Le 1er mai 1993, l’ancien premier ministre socialiste Pierre Bérégovoy se suicide. À l’occasion des commémorations des 30 ans de sa disparition, retour sur ce fait divers devenu fait historique en France.

Quelles que soient les affinités politiques, les Français se trouvent dépourvus face à l’annonce du décès de Pierre Bérégovoy le 1ᵉʳ mai 1993. Celui qui a dirigé le gouvernement jusqu’au 29 mars 1993 se donne la mort à Nevers, la ville dont il est maire depuis 10 ans. À 67 ans, sa vie s’achève, après avoir payé le prix d’une violence politique et d’un lynchage médiatique hors de contrôle. Sa mort est aujourd’hui en partie reléguée à un imaginaire collectif à base de complots, de secrets et de conspiration. Mais ce serait oublier sa personnalité complexe, minée par la dépression : 392 jours après être devenu le pensionnaire de Matignon, il se tirera une balle dans la tête. Le documentaire " Pierre Bérégovoy, une tragédie française" réalisé par Antoine Gaugoy revient sur le parcours de cet homme d’état, de son ascension à sa descente aux enfers.

Parcours d’un ouvrier devenu premier ministre

Pierre Bérégovoy nait d’une mère normande et d’un père d’origine ukrainienne. Une enfance heureuse, mais modeste : " Mon père a été ouvrier, et ensuite il a été petit commerçant avec ma mère dans une banlieue ouvrière.
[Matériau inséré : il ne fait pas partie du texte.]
text \<open>Fusion control upgrades the \<open>S\<^sub>n\<close>-conjugacy of elements of equal type to conjugacy
  under the normalizer, so the normalizer acts transitively on the vertices of each type.\<close>

lemma conj_vertex_transitive_on_type:
  assumes grp: "is_perm_group n G" and fc: "fusion_controlled n G"
    and u: "u \<in> rpg_vertices G" and w: "w \<in> rpg_vertices G" and type: "vtype n w = vtype n u"
  obtains y where "y \<in> normalizer n G" "w = conj_vertex y u"
proof -
  obtain \<psi> where \<psi>: "\<psi> \<in> G" "u = gen_class G \<psi>" using u by (rule rpg_verticesE)
  obtain \<phi> where \<phi>: "\<phi> \<in> G" "w = gen_class G \<phi>" using w by (rule rpg_verticesE)
  have "\<psi> permutes {..<n}" "\<phi> permutes {..<n}"
    using grp \<psi> \<phi> unfolding is_perm_group_def Sym_def by auto
  moreover have "perm_type n \<psi> = perm_type n \<phi>" using type \<psi> \<phi> vtype_gen_class by metis
  ultimately obtain x where x: "x permutes {..<n}" "x \<circ> \<phi> = \<psi> \<circ> x"
    using perm_type_eq_imp_conjugate by blast
  have "perm_conj x \<psi> = \<phi>" using x permutes_inj
    by (metis perm_conj_def comp_assoc inv_o_cancel id_comp)
  moreover have "x \<in> Sym n" using x(1) unfolding Sym_def by simp
  ultimately obtain y where y: "y \<in> normalizer n G" "perm_conj y \<psi> = \<phi>"
    using fc \<psi>(1) \<phi>(1) unfolding fusion_controlled_def perm_conj_def by metis
  then show ?thesis using that conj_vertex_gen_class[OF y(1) \<psi>(1)] \<psi> \<phi> by simp
qed
(* Assume that \[ \sum_{i\geq j\geq 0}2^{-(i+j)}h_{i,j}(t)\geq 1/2 \] for all integers $t\geq 1$. Then $\tilde c_t\leq 1/2\leq c_t$ holds for all integers $t\geq 1$.
   Context: $s(n)$ denotes the binary sum of digits of $n\ge0$. For $t\ge0$, $c_t$ (resp. $\tilde c_t$) is the asymptotic density of $\{n\ge0: s(n+t)\ge s(n)\}$ (resp. $\{n\ge 0: s(n+t)>s(n)\}$). A hyperbinary expansion of a nonnegative integer $n$ is a sequence $(\varepsilon_{\nu-1},\ldots,\varepsilon_0)\in \{0,1,2\}^{\nu}$ ($\nu\ge0$) with $\sum_{0\leq i<\nu}\varepsilon_i2^i=n$; it is proper if $\nu=0$ or $\varepsilon_{\nu-1}\neq 0$. For $i,j\ge0$ and $t\ge1$, $h_{i,j}(t)$ is the number of proper hyperbinary expansions of $t-1$ having exactly $i$ digits equal to $2$ and exactly $j$ digits equal to $0$. *)

theory Defs
  imports "HOL-Analysis.Analysis"
begin

fun bsum :: "nat \<Rightarrow> nat" where
  "bsum n = (if n = 0 then 0 else n mod 2 + bsum (n div 2))"

definition asymp_density :: "nat set \<Rightarrow> real" where
  "asymp_density A = lim (\<lambda>N. real (card {n\<in>A. n < N}) / real N)"

definition c_t :: "nat \<Rightarrow> real" where
  "c_t t = asymp_density {n. bsum (n + t) \<ge> bsum n}"

definition c_tilde :: "nat \<Rightarrow> real" where
  "c_tilde t = asymp_density {n. bsum (n + t) > bsum n}"

text \<open>Hyperbinary expansions: digit lists, least significant digit first,
  so the list [e_0, ..., e_(nu-1)] represents the sequence (e_(nu-1),...,e_0).\<close>
definition hb_value :: "nat list \<Rightarrow> nat" where
  "hb_value es = (\<Sum>i<length es. es ! i * 2 ^ i)"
Et là, j'avais pu côtoyer à l’âge de 6, 7 ou 8 ans la misère, l’insécurité du chômeur, l’insécurité des fins de mois, et je me disais qu’il n’était pas juste qu’il y ait dans une société certains qui aient tout, et d’autres qui n’aient rien."

Une vie d’engagement marquée par son entrée dans la résistance comme agent de liaison, mais également par un attachement fort au service public, qui transparait lorsque l’on s’attarde sur son parcours professionnel avant de devenir un élu de la république. François Mitterrand remarque cet homme modeste. Les archives le soulignent, celui que l’on surnommait affectueusement "Béré" ne s’est pas engagé pour faire carrière en politique, mais bien pour faire avancer la justice et améliorer la société. 

Fort d’un ancrage de gauche et socialiste, il devient secrétaire général de l’Élysée en 1981. Contrairement aux autres ministres, il n’a pas fait l’ENA, mais assure son poste à responsabilité avec énormément de bon sens, d'expérience de la vie politique et d'abnégation.

Il est resté le grand ministre de l’Économie et des finances finalement de la période mitterrandienne. Il est devenu véritablement un grand technicien de la chose financière.

Jean Garrigues, historien et spécialiste de la Ve république

Pour ce membre discret du gouvernement, il faut un ancrage local. Ce sera donc Nevers. Il devient un maire réputé sympathique et accessible en 1983, malgré ses obligations à Paris. Il occupe successivement le poste de Ministre des Affaires sociales et de la Solidarité nationale, ainsi que de l'Économie, des Finances et du Budget à deux reprises. Mais il a les yeux sur Matignon.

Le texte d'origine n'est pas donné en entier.